Scan the records for the word "induction". Copy each line that includes it.

*** Information Section Begins ***

text \<open>Write \<open>z\<^sup>n - lam\<^sup>n = (z - lam) q(z)\<close>, where \<open>q(lam) = n lam\<^sup>n\<^sup>-\<^sup>1 \<noteq> 0\<close>. With
  \<open>v = 1 - q/q(lam)\<close>, the geometric sum \<open>p\<^sub>k = (1 + v + \<dots> + v\<^sup>k\<^sup>-\<^sup>1)/q(lam)\<close> inverts \<open>q\<close> up to \<open>v\<^sup>k\<close>.\<close>
lemma power_diff_geometric_factor:
  fixes lam :: complex
  assumes lam: "lam \<noteq> 0" and n: "n > 0"
  obtains v p where "complex_polynomial v" "v lam = 0" "\<And>k. complex_polynomial (p k)"
    "\<And>k z. p k z * (z ^ n - lam ^ n) = (z - lam) * (1 - v z ^ k)"
proof -
  obtain m where m: "n = Suc m" using n by (cases n) auto
  define q where "q z = (\<Sum>i<Suc m. z ^ i * lam ^ (m - i))" for z
  have q_factor: "z ^ n - lam ^ n = (z - lam) * q z" for z
    unfolding m q_def by (rule diff_power_eq_sum)
  have "q lam = (\<Sum>i<Suc m. lam ^ m)"
    unfolding q_def by (intro sum.cong refl) (simp add: power_add[symmetric])
  then have "q lam = of_nat n * lam ^ m" by (simp add: m)
  then have q_lam: "q lam \<noteq> 0" using lam n by simp
  define v where "v z = 1 - inverse (q lam) * q z" for z
  define p where "p k z = inverse (q lam) * (\<Sum>i<k. v z ^ i)" for k z
  have "complex_polynomial q"
    unfolding q_def[abs_def]
    by (intro complex_polynomial_sum complex_polynomial_mult complex_polynomial_power
        complex_polynomial_ident complex_polynomial_const)
  then have v_poly: "complex_polynomial v"
    unfolding v_def[abs_def]
    by (intro complex_polynomial_diff complex_polynomial_cmult complex_polynomial_const)
  then have p_poly: "complex_polynomial (p k)" for k
    unfolding p_def[abs_def]
    by (intro complex_polynomial_cmult complex_polynomial_sum complex_polynomial_power)
  have p_factor: "p k z * (z ^ n - lam ^ n) = (z - lam) * (1 - v z ^ k)" for k z
  proof -
    have "1 - v z = inverse (q lam) * q z" by (simp add: v_def)
    then have "p k z * (z ^ n - lam ^ n) = (z - lam) * ((1 - v z) * (\<Sum>i<k. v z ^ i))"
      by (simp only: p_def q_factor mult_ac)
    then show ?thesis by (simp only: one_diff_power_eq)
  qed
  have "v lam = 0" using q_lam by (simp add: v_def)
  then show ?thesis using that[OF v_poly _ p_poly p_factor] by blast
qed

section \<open>Ascent and descent\<close>

lemma kernel_funpow_stable:
  fixes T :: "'a::zero \<Rightarrow> 'a"
  assumes "{x. (T ^^ p) x = 0} = {x. (T ^^ Suc p) x = 0}"
  shows "{x. (T ^^ (p + j)) x = 0} = {x. (T ^^ p) x = 0}"
proof -
  have stable: "(T ^^ p) y = 0 \<longleftrightarrow> (T ^^ Suc p) y = 0" for y
    using assms by blast
  have "(T ^^ (p + j)) x = 0 \<longleftrightarrow> (T ^^ p) x = 0" for x
  proof (induction j)
    case (Suc j)
    have "(T ^^ (p + Suc j)) x = (T ^^ Suc p) ((T ^^ j) x)"
      by (metis add_Suc_shift funpow_add o_apply)
    also have "\<dots> = 0 \<longleftrightarrow> (T ^^ p) ((T ^^ j) x) = 0"
      by (rule stable[symmetric])
    also have "(T ^^ p) ((T ^^ j) x) = (T ^^ (p + j)) x"
      by (simp only: funpow_add o_apply)
    finally show ?case using Suc.IH by simp
  qed simp
  then show ?thesis by blast
qed

lemma range_funpow_stable:
  fixes T :: "'a \<Rightarrow> 'a"
  assumes "range (T ^^ p) = range (T ^^ Suc p)"
  shows "range (T ^^ (p + j)) = range (T ^^ p)"
proof (induction j)
  case (Suc j)
  have "T ^^ (p + Suc j) = T ^^ j \<circ> T ^^ Suc p"
    by (metis add.commute add_Suc_shift funpow_add)
  then have "range (T ^^ (p + Suc j)) = (T ^^ j) ` range (T ^^ Suc p)"
    by (simp only: image_comp)
  also have "\<dots> = (T ^^ j) ` range (T ^^ p)"
    by (simp only: assms)
  also have "\<dots> = range (T ^^ (p + j))"
    by (simp only: image_comp funpow_add[symmetric] add.commute)
  finally show ?case using Suc.IH by simp
qed simp

context
  fixes T :: "'a::ab_group_add \<Rightarrow> 'a"
  assumes T_diff: "\<And>x y. T (x - y) = T x - T y"
begin

lemma funpow_diff_of_diff: "(T ^^ k) (x - y) = (T ^^ k) x - (T ^^ k) y"
  by (induction k) (simp_all add: T_diff)

lemma funpow_zero_of_diff: "(T ^^ k) 0 = 0"
  using funpow_diff_of_diff[of k 0 0] by simp

lemma kernel_funpow_stable_of_range_stable:
  assumes Ka: "{x. (T ^^ a) x = 0} = {x. (T ^^ Suc a) x = 0}"
    and Rd: "range (T ^^ d) = range (T ^^ Suc d)"
  shows "{x. (T ^^ d) x = 0} = {x. (T ^^ Suc d) x = 0}"
proof -
  have "(T ^^ d) x = 0" if x: "(T ^^ Suc d) x = 0" for x
  proof -
    have "(T ^^ d) x \<in> range (T ^^ (d + a))" using range_funpow_stable[OF Rd, of a] by auto
    then obtain z where z: "(T ^^ d) x = (T ^^ (d + a)) z" by auto
    then have "(T ^^ (a + Suc d)) z = 0" using x by (simp add: add.commute)
    then have "(T ^^ a) z = 0" using kernel_funpow_stable[OF Ka, of "Suc d"] by blast
    then show ?thesis using z by (simp add: funpow_add funpow_zero_of_diff)
  qed
  moreover have "(T ^^ Suc d) x = 0" if "(T ^^ d) x = 0" for x
    using that funpow_zero_of_diff[of 1] by simp
  ultimately show ?thesis by blast
qed

lemma range_funpow_stable_of_kernel_stable:
  assumes Ka: "{x. (T ^^ a) x = 0} = {x. (T ^^ Suc a) x = 0}"
    and Rd: "range (T ^^ d) = range (T ^^ Suc d)"
  shows "range (T ^^ a) = range (T ^^ Suc a)"
proof (cases "d \<le> a")
  case True
  then show ?thesis
    using range_funpow_stable[OF Rd, of "a - d"] range_funpow_stable[OF Rd, of "Suc a - d"]
    by (simp add: Suc_diff_le)
next
  case False
  have "(T ^^ a) x \<in> range (T ^^ Suc a)" for x
  proof -
    have "(T ^^ d) x \<in> range (T ^^ (d + d))" using range_funpow_stable[OF Rd, of d] by auto
    then obtain z where z: "(T ^^ d) x = (T ^^ (d + d)) z" by auto
    then have "(T ^^ (a + (d - a))) (x - (T ^^ d) z) = 0"
      using False by (simp add: funpow_diff_of_diff funpow_add)
    then have "(T ^^ a) (x - (T ^^ d) z) = 0"
      using kernel_funpow_stable[OF Ka, of "d - a"] by blast
    then have "(T ^^ a) x = (T ^^ (a + d)) z" by (simp add: funpow_diff_of_diff funpow_add)
    also have "a + d = Suc a + (d - 1)" using False by simp
    finally have "(T ^^ a) x = (T ^^ Suc a) ((T ^^ (d - 1)) z)" by (simp only: funpow_add o_apply)
    then show ?thesis by (metis rangeI)
  qed
  then have "range (T ^^ a) \<subseteq> range (T ^^ Suc a)" by auto
  moreover have "range (T ^^ Suc a) \<subseteq> range (T ^^ a)"
    unfolding funpow_Suc_right by auto
  ultimately show ?thesis by blast
qed

end

lemma pole_conditions_of_stable:
  fixes T :: "'a::complex_inner_space \<Rightarrow> 'a"
  assumes T_diff: "\<And>x y. T (x - y) = T x - T y"
    and kernel: "{x. (T ^^ m) x = 0} = {x. (T ^^ Suc m) x = 0}"
    and range: "range (T ^^ m) = range (T ^^ Suc m)"
    and nontrivial: "\<exists>x. x \<noteq> 0 \<and> T x = 0"
  shows "0 < ascent T \<and> ascent T = descent T \<and> ascent T < \<infinity>"
proof -
  define a where "a = (LEAST p. {x. (T ^^ p) x = 0} = {x. (T ^^ Suc p) x = 0})"
  define d where "d = (LEAST p. range (T ^^ p) = range (T ^^ Suc p))"
  have Ka: "{x. (T ^^ a) x = 0} = {x. (T ^^ Suc a) x = 0}"
    unfolding a_def by (rule LeastI_ex) (use kernel in blast)
  have Rd: "range (T ^^ d) = range (T ^^ Suc d)"
    unfolding d_def by (rule LeastI_ex) (use range in blast)
  have "a \<le> d"
    unfolding a_def by (rule Least_le, rule kernel_funpow_stable_of_range_stable[OF T_diff Ka Rd])
  moreover have "d \<le> a"
    unfolding d_def by (rule Least_le, rule range_funpow_stable_of_kernel_stable[OF T_diff Ka Rd])
  moreover have "a \<noteq> 0"
  proof
    assume "a = 0"
    then have "{x. x = 0} = {x. T x = 0}" using Ka by simp
    then show False using nontrivial by blast
  qed
  moreover have "ascent T = enat a" "descent T = enat d"
    using kernel range by (auto simp: ascent_def descent_def a_def d_def)
  ultimately show ?thesis by (simp add: zero_enat_def)
qed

*** Information Section Ends ***

Answer to the exercise –
  proof (induction j)
proof (induction j)
  by (induction k) (simp_all add: T_diff)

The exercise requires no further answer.